Northern Watersnake (Nerodia sipedon)
Source: sdherps.org

The Northern Watersnake is another common snake species found in Vermont. As the name suggests, it is typically associated with aquatic habitats, such as lakes, rivers, and marshes.

Northern Watersnakes have thick bodies and their coloration can vary, with dark bands on a lighter background. They are excellent swimmers and are known for their ability to catch fish and amphibians.

3. Eastern Milk Snake (Lampropeltis triangulum)

Eastern Milk Snake (Lampropeltis triangulum)
Source: heritageconservancy.org

The non-venomous snake species is known for its striking appearance. It has a distinctive pattern of red or brown bands on a lighter background, resembling the coloration of a milk-spilled snake.

Eastern Milk Snakes are relatively small and are known for their docile nature, making them popular among snake enthusiasts.

4. Eastern Ribbon Snake (Thamnophis sauritus)

Eastern Ribbon Snake (Thamnophis sauritus)
Source: herpsofnc.org

This is a slender and agile snake species that is known for its beautiful appearance. It has a long body with a green or brown background color and three yellow stripes running along its back. Eastern Ribbon Snakes are excellent climbers and are often found in wetland habitats, where they feed on amphibians and insects.

5. Smooth Green Snake (Opheodrys vernalis)

Smooth Green Snake (Opheodrys vernalis)
Source: a-z-animals.com

The Smooth Green Snake is a small, non-venomous snake species that is known for its bright green coloration. It has a slender body, large eyes, and smooth scales, which give it its name. Smooth Green Snakes are primarily insectivorous and are often found in grassy areas or near water sources.

Snake Biology and Behavior

Snake Biology and Behavior
Source: sci.news

Even though Vermont snakes are non-venomous, it is still important to understand their biology and behavior. Snakes are cold-blooded reptiles that rely on external sources of heat to regulate their body temperature.

In Vermont, snakes are most active during the warmer months of the year, from April to October, when temperatures are favorable for their survival. Snakes are shy and generally avoid human contact. They prefer to hide in areas with vegetation or under rocks and logs, where they can hunt for prey and seek shelter.
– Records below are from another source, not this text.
lemma cocycle_mod_imp_finitely_many_residue_solutions:
  assumes "cocycle_mod I n a" "0 \<notin> I" "n > 0"
    and "finite M" "M \<subseteq> {\<sigma> \<in> lists I. length \<sigma> = n + 1}"
  shows "\<exists>x \<in> (\<Pi>\<^sub>E \<tau> \<in> {\<tau> \<in> lists I. length \<tau> = n}. {0..<ideal_gen \<tau>}).
    \<forall>\<sigma> \<in> M. [coboundary x \<sigma> = a \<sigma>] (mod ideal_gen \<sigma>)"
proof -
  define K where "K = {\<tau> \<in> lists I. length \<tau> = n}"
  have ideal_gen_pos: "ideal_gen \<tau> > 0" if "\<tau> \<in> K" for \<tau>
    using that assms(2,3) by (cases \<tau>) (auto simp: K_def ideal_gen_def le_less)
  show ?thesis
  proof (cases "M = {}")
    case True
    have "restrict (\<lambda>_. 0) K \<in> (\<Pi>\<^sub>E \<tau> \<in> K. {0..<ideal_gen \<tau>})"
      using ideal_gen_pos by auto
    then show ?thesis
      using True unfolding K_def by blast
  next
    case False
    define F where "F = \<Union>(set ` M)"
    have "finite F" "F \<subseteq> I"
      using assms(4,5) by (auto simp: F_def)
    moreover have "F \<noteq> {}"
      using False assms(5) by (fastforce simp: F_def)
    ultimately obtain x where x: "\<And>\<sigma>. \<sigma> \<in> lists I \<Longrightarrow> length \<sigma> = n + 1 \<Longrightarrow>
        ideal_gen \<sigma> dvd Lcm F \<Longrightarrow> [coboundary x \<sigma> = a \<sigma>] (mod ideal_gen \<sigma>)"
      using cocycle_mod_imp_primitive_mod_dvd_Lcm[OF assms(1)] by blast
    define y where "y = restrict (\<lambda>\<tau>. x \<tau> mod ideal_gen \<tau>) K"
    have "y \<in> (\<Pi>\<^sub>E \<tau> \<in> K. {0..<ideal_gen \<tau>})"
      using ideal_gen_pos by (auto simp: y_def)
    moreover have "[coboundary y \<sigma> = a \<sigma>] (mod ideal_gen \<sigma>)" if "\<sigma> \<in> M" for \<sigma>
    proof -
      have \<sigma>: "\<sigma> \<in> lists I" "length \<sigma> = n + 1"
        using that assms(5) by auto
      have "[coboundary y \<sigma> = coboundary x \<sigma>] (mod ideal_gen \<sigma>)"
        unfolding y_def using \<sigma> set_omit_subset
        by (intro cong_coboundary_restrict_mod) (fastforce simp: K_def length_omit)
      also have "[coboundary x \<sigma> = a \<sigma>] (mod ideal_gen \<sigma>)"
        by (rule x[OF \<sigma> ideal_gen_dvd_Lcm]) (use that \<sigma>(2) in \<open>auto simp: F_def\<close>)
      finally show ?thesis .
    qed
    ultimately show ?thesis
      unfolding K_def by blast
  qed
qed

lemma cocycle_mod_imp_primitive_mod:
  assumes "cocycle_mod I n a" "n > 0"
  obtains x where "primitive_mod I n x a"
proof (cases "0 \<in> I")
  case True
  obtain x where "\<And>\<sigma>. \<sigma> \<in> lists I \<Longrightarrow> length \<sigma> = n + 1 \<Longrightarrow> ideal_gen \<sigma> dvd Lcm {0} \<Longrightarrow>
      [coboundary x \<sigma> = a \<sigma>] (mod ideal_gen \<sigma>)"
    using cocycle_mod_imp_primitive_mod_dvd_Lcm[OF assms(1), of "{0}"] True by blast
  then have "primitive_mod I n x a"
    by (simp add: primitive_mod_def)
  then show ?thesis
    by (rule that)
next
  case False
  let ?K = "{\<tau> \<in> lists I. length \<tau> = n}" and ?L = "{\<sigma> \<in> lists I. length \<sigma> = n + 1}"
  have "\<exists>x \<in> (\<Pi>\<^sub>E \<tau> \<in> ?K. {0..<ideal_gen \<tau>}). \<forall>\<sigma> \<in> ?L. [coboundary x \<sigma> = a \<sigma>] (mod ideal_gen \<sigma>)"
  proof (rule finitely_satisfiable_imp_satisfiable_PiE[where T = "\<lambda>\<sigma>. (\<lambda>j. omit j \<sigma>) ` {..<length \<sigma>}"])
    show "(\<lambda>j. omit j \<sigma>) ` {..<length \<sigma>} \<subseteq> ?K" if "\<sigma> \<in> ?L" for \<sigma>
      using that set_omit_subset by (fastforce simp: length_omit)
    show "[coboundary x \<sigma> = a \<sigma>] (mod ideal_gen \<sigma>) \<longleftrightarrow> [coboundary y \<sigma> = a \<sigma>] (mod ideal_gen \<sigma>)"
      if "\<And>t. t \<in> (\<lambda>j. omit j \<sigma>) ` {..<length \<sigma>} \<Longrightarrow> x t = y t" for \<sigma> x y
    proof -
      have "coboundary x \<sigma> = coboundary y \<sigma>"
        unfolding coboundary_def using that by (intro sum.cong) auto
      then show ?thesis
        by simp
    qed
    show "\<exists>x \<in> (\<Pi>\<^sub>E \<tau> \<in> ?K. {0..<ideal_gen \<tau>}). \<forall>\<sigma> \<in> M. [coboundary x \<sigma> = a \<sigma>] (mod ideal_gen \<sigma>)"
      if "finite M" "M \<subseteq> ?L" for M
      using cocycle_mod_imp_finitely_many_residue_solutions[OF assms(1) False assms(2) that] .
  qed auto
  then obtain x where "\<forall>\<sigma> \<in> ?L. [coboundary x \<sigma> = a \<sigma>] (mod ideal_gen \<sigma>)"
    by blast
  then have "primitive_mod I n x a"
    by (simp add: primitive_mod_def)
  then show ?thesis
    by (rule that)
qed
Snake Conservation in Vermont

Snake Conservation in Vermont
Source: greenmountainaudubon.org

While Vermont’s snakes are not venomous, they still face threats and conservation challenges. Habitat loss and fragmentation, road mortality, and human persecution are some of the major threats that the snakes in Vermont encounter.
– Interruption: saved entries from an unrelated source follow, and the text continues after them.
lemma one_plus_powr_le:
  fixes u q rho :: real
  assumes u: "0 \<le> u" and q: "2 \<le> q" and rho: "0 < rho"
    and small: "(q - 2) * u \<le> ln (1 / rho)"
  shows "(1 + u) powr q \<le> 1 + q * u + (q * u)^2 / rho"
proof -
  define x where "x = (q - 2) * u"
  define E where "E = exp x"
  have x0: "0 \<le> x" unfolding x_def using u q by simp
  have E_le: "E \<le> 1 / rho"
  proof -
    have "exp x \<le> exp (ln (1 / rho))" using small by (simp add: x_def)
    thus ?thesis unfolding E_def using rho by simp
  qed
  have "(1 + u) powr (q - 2) = exp ((q - 2) * ln (1 + u))" using u by (simp add: powr_def)
  also have "\<dots> \<le> E"
    unfolding E_def x_def using q u by (intro exp_mono mult_left_mono) (auto intro: ln_add_one_self_le_self)
  finally have P_le: "(1 + u) powr (q - 2) \<le> E" .
  have "(1 + u) powr q = (1 + u) powr 2 * (1 + u) powr (q - 2)"
    by (simp flip: powr_add)
  also have "\<dots> = (1 + u)^2 * (1 + u) powr (q - 2)"
    using u by (simp add: powr_numeral)
  also have "\<dots> \<le> (1 + u)^2 * E" using P_le by (simp add: mult_left_mono)
  finally have lhs: "(1 + u) powr q \<le> (1 + u)^2 * E" .
  have em: "E - 1 \<le> x * E" unfolding E_def by (rule exp_minus_one_le[OF x0])
  have "E - 1 - x \<le> x * (E - 1)" using em by (simp add: algebra_simps)
  also have "\<dots> \<le> x^2 * E" using mult_left_mono[OF em x0] by (simp add: power2_eq_square mult.assoc)
  finally have em2: "E - 1 - x \<le> x^2 * E" .
  have "(1 + u)^2 * E - 1 - q * u = (E - 1 - x) + 2 * u * (E - 1) + u^2 * E"
    unfolding x_def by (simp add: power2_eq_square algebra_simps)
  also have "\<dots> \<le> x^2 * E + 2 * u * (x * E) + u^2 * E"
    using em em2 u by (intro add_mono mult_left_mono) auto
  also have "\<dots> = ((q - 1) * u)^2 * E" unfolding x_def by (simp add: power2_eq_square algebra_simps)
  also have "\<dots> \<le> (q * u)^2 * (1 / rho)"
  proof (rule mult_mono)
    show "((q - 1) * u)^2 \<le> (q * u)^2" using q u by (intro power_mono mult_right_mono) auto
  qed (use E_le in \<open>auto simp: E_def\<close>)
  finally show ?thesis using lhs by simp
qed

lemma noise_gain_ge_one:
  fixes q rho g :: real
  assumes "2 \<le> q" "0 < rho" "rho < 1" "1 + 2 * (q - 2) / ln (1 / rho) \<le> g"
  shows "1 \<le> g"
proof -
  have "0 \<le> 2 * (q - 2) / ln (1 / rho)" using assms by simp
  thus ?thesis using assms(4) by linarith
qed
To protect and conserve Vermont’s snake populations, it is important to respect their habitat, avoid unnecessary disturbance, and understand the critical role they play in the ecosystem.

Snake Safety and Myths

Snake Safety and Myths
Source: health.com

Despite the fact that Vermont does not have venomous snakes, some myths and misconceptions about venomous snakes persist. It is crucial to dispel these myths to ensure that people can coexist with snakes safely. Here are some important facts to keep in mind:

  1. Snakes are shy and typically avoid human contact. If you encounter a snake in the wild, give it space and observe from a safe distance.
  2. Snakes in Vermont are not venomous, and their bites are not dangerous to humans. However, it is still best to avoid handling or attempting to capture snakes, as they may become stressed and defensive.
  3. Snakes are protected in Vermont, and it is illegal to harm or kill them. It is important to respect and appreciate the role of snakes in the ecosystem.
  4. Snakes do not chase humans, and they are not aggressive unless provoked or cornered. Most snake bites occur when people try to handle or harass snakes.
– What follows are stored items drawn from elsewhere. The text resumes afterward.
(* The following sequence is exact: $$0\rightarrow H_1(S, \mathbb R)\xrightarrow{f_3} \mathcal K_\tau \xrightarrow{f_2} \widetilde{\mathcal T}_\lambda \xrightarrow{f_1} \mathbb R \rightarrow 0.$$
   Context: Let $S$ be an oriented surface of genus $g$ with $p\geq 1$ punctures and $m=2g-2+p>0$. Let $\tau$ be a decorated ideal triangulation of $S$: an ideal triangulation whose ideal triangles are numbered $\tau_1,\dots,\tau_{2m}$, each with a marked corner. The three sides of each $\tau_\mu$ are numbered $0,1,2$ in counterclockwise order, the $0$-side being opposite the marked corner. Let $\lambda$ be the underlying ideal triangulation (forget the marks), with edges $\lambda_1,\dots,\lambda_{3m}$ and dual edges $\lambda_1^*,\dots,\lambda_{3m}^*$ in the dual graph (whose vertices $\tau_\mu^*$ correspond to the triangles). $\mathcal K_\tau=\mathbb R^{4m}=\{(\ln y_1,\ln z_1,\dots,\ln y_{2m},\ln z_{2m})\}$ is the space of Kashaev coordinates. To such a vector assign to the sides of $\tau_\mu$ the numbers $\ln h_\mu^0=\ln y_\mu-\ln z_\mu$, $\ln h_\mu^1=\ln z_\mu$, $\ln h_\mu^2=-\ln y_\mu$; this identifies $\mathcal K_\tau$ with the subspace of $\mathbb R^{6m}=\{(\dots,\ln h_\mu^0,\ln h_\mu^1,\ln h_\mu^2,\dots)\}$ defined by $\ln h_\mu^0+\ln h_\mu^1+\ln h_\mu^2=0$ for every $\mu$. $\widetilde{\mathcal T}_\lambda=\mathbb R^{3m}=\{(\ln x_1,\dots,\ln x_{3m})\}$ is the enhanced Teichmüller space parametrized by shear coordinates, $\ln x_i$ being the shear coordinate at edge $\lambda_i$. The maps are: $f_1(\ln x_1,\dots,\ln x_{3m})=\sum_{i=1}^{3m}\ln x_i$; $f_2$ is the linear map given by $\ln x_i=\ln h_\mu^s+\ln h_\nu^t$ whenever $\lambda_i$ bounds the $s$-side of $\tau_\mu$ and the $t$-side of $\tau_\nu$ ($\mu$ may equal $\nu$); $f_3$ sends a homology class represented by $\sum_{i=1}^{3m}c_i\lambda_i^*$ (oriented dual edges) to the vector obtained by setting $\ln h_\mu^s=-c_i$ and $\ln h_\nu^t=c_i$ whenever $\lambda_i^*$ is oriented from the $s$-side of $\tau_\mu$ to the $t$-side of $\tau_\nu$ (this vector lies in $\mathcal K_\tau$ because the chain is a cycle). *)

theory Defs
  imports Complex_Main
begin

text \<open>Combinatorial model of a decorated ideal triangulation tau of a punctured
  oriented surface with m = 2g-2+p.  Triangles are numbered 0..<2m, the sides of
  triangle mu are (mu,0),(mu,1),(mu,2) (0-side opposite the marked corner, counterclockwise).
  Edges are numbered 0..<3m; edge i bounds the side e1 i and the side e2 i.
  The dual edge of edge i is oriented from side e1 i to side e2 i.\<close>

type_synonym side = "nat \<times> nat"

text \<open>Vectors in R^n, as real functions on nat vanishing outside {..<n}.\<close>
definition vecs :: "nat \<Rightarrow> (nat \<Rightarrow> real) set" where
  "vecs n = {v. \<forall>i\<ge>n. v i = 0}"

definition sides :: "nat \<Rightarrow> side set" where
  "sides m = {..<2*m} \<times> {..<3}"

definition decorated_triangulation :: "nat \<Rightarrow> (nat \<Rightarrow> side) \<Rightarrow> (nat \<Rightarrow> side) \<Rightarrow> bool" where
  "decorated_triangulation m e1 e2 \<longleftrightarrow>
     bij_betw (\<lambda>(i,k). if k = (0::nat) then e1 i else e2 i) ({..<3*m} \<times> {..<2}) (sides m)"

definition dual_adj :: "nat \<Rightarrow> (nat \<Rightarrow> side) \<Rightarrow> (nat \<Rightarrow> side) \<Rightarrow> (nat \<times> nat) set" where
  "dual_adj m e1 e2 = {(fst (e1 i), fst (e2 i)) | i. i < 3*m} \<union> {(fst (e2 i), fst (e1 i)) | i. i < 3*m}"

text \<open>The surface is connected, i.e. the dual graph is connected.\<close>
definition dual_connected :: "nat \<Rightarrow> (nat \<Rightarrow> side) \<Rightarrow> (nat \<Rightarrow> side) \<Rightarrow> bool" where
  "dual_connected m e1 e2 \<longleftrightarrow> (\<forall>\<rho> < 2*m. \<forall>\<rho>' < 2*m. (\<rho>, \<rho>') \<in> (dual_adj m e1 e2)\<^sup>*)"

text \<open>Kashaev coordinates: K_tau = R^{4m}, pairs (ln y, ln z) of vectors in R^{2m}.\<close>
definition Kspace :: "nat \<Rightarrow> ((nat \<Rightarrow> real) \<times> (nat \<Rightarrow> real)) set" where
  "Kspace m = vecs (2*m) \<times> vecs (2*m)"

text \<open>The numbers ln h_mu^s assigned to the sides.\<close>
definition hcoord :: "(nat \<Rightarrow> real) \<times> (nat \<Rightarrow> real) \<Rightarrow> side \<Rightarrow> real" where
  "hcoord K = (\<lambda>(\<mu>, s). if s = 0 then fst K \<mu> - snd K \<mu>
                        else if s = 1 then snd K \<mu> else - fst K \<mu>)"

text \<open>Enhanced Teichmueller space in shear coordinates: R^{3m}.\<close>
definition Tspace :: "nat \<Rightarrow> (nat \<Rightarrow> real) set" where
  "Tspace m = vecs (3*m)"

definition f1 :: "nat \<Rightarrow> (nat \<Rightarrow> real) \<Rightarrow> real" where
  "f1 m x = (\<Sum>i<3*m. x i)"

definition f2 :: "nat \<Rightarrow> (nat \<Rightarrow> side) \<Rightarrow> (nat \<Rightarrow> side) \<Rightarrow>
    (nat \<Rightarrow> real) \<times> (nat \<Rightarrow> real) \<Rightarrow> nat \<Rightarrow> real" where
  "f2 m e1 e2 K = (\<lambda>i. if i < 3*m then hcoord K (e1 i) + hcoord K (e2 i) else 0)"

text \<open>H_1(S,R): S deformation retracts onto the dual graph (which has no 2-cells),
  so H_1(S,R) is the space of real 1-cycles sum c_i lambda_i^* of the dual graph.\<close>
definition H1 :: "nat \<Rightarrow> (nat \<Rightarrow> side) \<Rightarrow> (nat \<Rightarrow> side) \<Rightarrow> (nat \<Rightarrow> real) set" where
  "H1 m e1 e2 = {c \<in> vecs (3*m). \<forall>\<rho> < 2*m.
      (\<Sum>i<3*m. (if fst (e2 i) = \<rho> then c i else 0) - (if fst (e1 i) = \<rho> then c i else 0)) = 0}"

text \<open>The vector ln h assigned by f_3: -c_i on the source side, c_i on the target side.\<close>
definition h3 :: "nat \<Rightarrow> (nat \<Rightarrow> side) \<Rightarrow> (nat \<Rightarrow> side) \<Rightarrow> (nat \<Rightarrow> real) \<Rightarrow> side \<Rightarrow> real" where
  "h3 m e1 e2 c \<sigma> = (\<Sum>i<3*m. (if e1 i = \<sigma> then - c i else 0) + (if e2 i = \<sigma> then c i else 0))"

definition f3 :: "nat \<Rightarrow> (nat \<Rightarrow> side) \<Rightarrow> (nat \<Rightarrow> side) \<Rightarrow> (nat \<Rightarrow> real) \<Rightarrow>
    (nat \<Rightarrow> real) \<times> (nat \<Rightarrow> real)" where
  "f3 m e1 e2 c = ((\<lambda>\<mu>. if \<mu> < 2*m then - h3 m e1 e2 c (\<mu>, 2) else 0),
                   (\<lambda>\<mu>. if \<mu> < 2*m then h3 m e1 e2 c (\<mu>, 1) else 0))"

end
Vermont does not have venomous snakes. The state is home to a diverse array of non-venomous snake species that play a vital role in the ecosystem. It is important to understand and appreciate snakes as valuable wildlife and take measures to protect and conserve their populations.

By dispelling myths, understanding snake biology and behavior, and promoting snake safety, we can coexist with these fascinating creatures in Vermont’s natural environment.